“Even though he had no credentials as a golf teacher, he knew what I was supposed to do,” Toms said. “He always tried to help me and certainly got me where I needed to be.”
Tom Toms Sr. was a student of the game, reading all the books written by Bob Toski, Jack Nicklaus and Ben Hogan, but it was his military background that earned his grandson’s respect.
“He was a World War II veteran and then in the Air Force after that,” said the 13-time PGA Tour winner. “He tried really hard to do what he could for me to help me. That’s probably why I continue to play golf and excel at golf and do it for a living.”

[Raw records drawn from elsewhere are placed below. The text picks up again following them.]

(* Let $n\in\mathbb N$, $r\ge2$, and $\underline m=(m_1,\dots,m_n)\in\mathbb N^n$ with $\gcd(m_i,r)=1$ for all $i$. In the graph $L_{2n-1}\times_{\underline m}\mathbb Z_r$: (i) for $i,j$ with $i+1\le j\le n$, the number of $1$-step $0$-simple paths from $(v_i,0)$ to $(v_j,0)$ is $r$; (ii) for $i,j$ with $i+2\le j\le n$, the number of $2$-step $0$-simple paths from $(v_i,0)$ to $(v_j,0)$ is $\frac{r(r-1)}{2}(j-i-1)$; (iii) for each $i$ with $i+3\le n$, the number of $3$-step $0$-simple paths from $(v_i,0)$ to $(v_{i+3},0)$ is congruent to $-m_{i+2}^{-1}m_{i+1}\frac{r(r-1)(r-2)}{3}$ modulo $r$. Consequently, the number of $0$-simple paths from $(v_i,0)$ to $(v_{i+2},0)$ is $\frac{r(r+1)}{2}$, and the number of $0$-simple paths from $(v_i,0)$ to $(v_{i+3},0)$ is congruent to $-m_{i+2}^{-1}m_{i+1}\frac{r(r-1)(r-2)}{3}$ modulo $r$.
   Context: $L_{2n-1}\times_{\underline m}\mathbb Z_r$ is the directed graph with vertices $(v_i,k)$ and edges $(e_{i,j},k)$ for $1\le i\le j\le n$, $k\in\mathbb Z_r$, where $s(e_{i,j},k)=(v_i,k-m_i)$ and $r(e_{i,j},k)=(v_j,k)$. A path $\alpha=(e_{i_1,j_1},k_1)\cdots(e_{i_\ell,j_\ell},k_\ell)$ is $0$-simple if $k_1=m_{i_1}$, $k_a\ne0$ for $a\ne\ell$, and $k_\ell=0$ (so it starts at $(v_{i_1},0)$ and ends at $(v_{j_\ell},0)$). A $0$-simple path $\alpha$ is $k$-step if there are integers $t_1<t_2<\dots<t_{k+1}$ with $t_1=i_1$, $t_{k+1}=j_\ell$, such that for each $2\le q\le k$ some edge of $\alpha$ has range in $\{v_{t_q}\}\times\mathbb Z_r$, and all ranges of edges of $\alpha$ lie in $\bigcup_{q=1}^{k+1}\{v_{t_q}\}\times\mathbb Z_r$. For an integer $a$ coprime to $r$, $a^{-1}$ denotes any integer inverse of $a$ modulo $r$. *)

theory Defs
  imports "HOL-Number_Theory.Cong"
begin

text \<open>The graph L_{2n-1} x_m Z_r.  Vertices (v_i,k) are pairs (i,k) with 1 <= i <= n, k < r
  (k represents a residue mod r).  Edges (e_{i,j},k) are triples (i,j,k) with 1 <= i <= j <= n, k < r.\<close>

type_synonym vert = "nat \<times> nat"
type_synonym edge = "nat \<times> nat \<times> nat"

definition L_edges :: "nat \<Rightarrow> nat \<Rightarrow> edge set" where
  "L_edges n r = {(i, j, k). 1 \<le> i \<and> i \<le> j \<and> j \<le> n \<and> k < r}"

definition L_src :: "nat \<Rightarrow> (nat \<Rightarrow> nat) \<Rightarrow> edge \<Rightarrow> vert" where
  "L_src r m e = (case e of (i, j, k) \<Rightarrow> (i, nat ((int k - int (m i)) mod int r)))"

definition L_rng :: "edge \<Rightarrow> vert" where
  "L_rng e = (case e of (i, j, k) \<Rightarrow> (j, k))"

definition L_path :: "nat \<Rightarrow> nat \<Rightarrow> (nat \<Rightarrow> nat) \<Rightarrow> edge list \<Rightarrow> bool" where
  "L_path n r m \<alpha> \<longleftrightarrow> \<alpha> \<noteq> [] \<and> set \<alpha> \<subseteq> L_edges n r \<and>
     (\<forall>a. Suc a < length \<alpha> \<longrightarrow> L_rng (\<alpha> ! a) = L_src r m (\<alpha> ! Suc a))"

abbreviation e_i :: "edge \<Rightarrow> nat" where "e_i e \<equiv> fst e"
abbreviation e_j :: "edge \<Rightarrow> nat" where "e_j e \<equiv> fst (snd e)"
abbreviation e_k :: "edge \<Rightarrow> nat" where "e_k e \<equiv> snd (snd e)"

definition zero_simple :: "nat \<Rightarrow> nat \<Rightarrow> (nat \<Rightarrow> nat) \<Rightarrow> edge list \<Rightarrow> bool" where
  "zero_simple n r m \<alpha> \<longleftrightarrow> L_path n r m \<alpha> \<and>
     e_k (hd \<alpha>) = m (e_i (hd \<alpha>)) mod r \<and>
     (\<forall>a. Suc a < length \<alpha> \<longrightarrow> e_k (\<alpha> ! a) \<noteq> 0) \<and>
     e_k (last \<alpha>) = 0"

definition k_step :: "nat \<Rightarrow> edge list \<Rightarrow> bool" where
  "k_step s \<alpha> \<longleftrightarrow> (\<exists>t :: nat \<Rightarrow> int.
     strict_mono_on {1..s+1} t \<and>
     t 1 = int (e_i (hd \<alpha>)) \<and> t (s+1) = int (e_j (last \<alpha>)) \<and>
     (\<forall>q \<in> {2..s}. \<exists>e \<in> set \<alpha>. int (e_j e) = t q) \<and>
     (\<forall>e \<in> set \<alpha>. int (e_j e) \<in> t ` {1..s+1}))"

definition zs_paths :: "nat \<Rightarrow> nat \<Rightarrow> (nat \<Rightarrow> nat) \<Rightarrow> nat \<Rightarrow> nat \<Rightarrow> edge list set" where
  "zs_paths n r m i j = {\<alpha>. zero_simple n r m \<alpha> \<and> e_i (hd \<alpha>) = i \<and> e_j (last \<alpha>) = j}"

It had been seven years since Toms won a professional event before his victory at The Broadmoor, but overcoming failure is something he said he’s learned from the game.
“So many young people have a hard time dealing with failure, and I think that’s what golf does for you because if you’re somebody that wants to win, you don’t win very often, even the great players,” said the 2001 PGA Championship titlist. “As a young person, it helped me deal with a lot of things that other kids aren’t exposed to.”
Toms is doing his part to help introduce the next generation to the game. His foundation sets out to build core values for underprivileged youth through golf. Toms’ academy features a par 3 course that he believes is ideal for opening the door to beginners.
“People love that because they come out, they spend a couple hours, they get their golf fix for the day and then they get to go home and do all the other activities that are expected,” he said. “Kids love it as well because it’s hard to keep their attention for a long period of time.”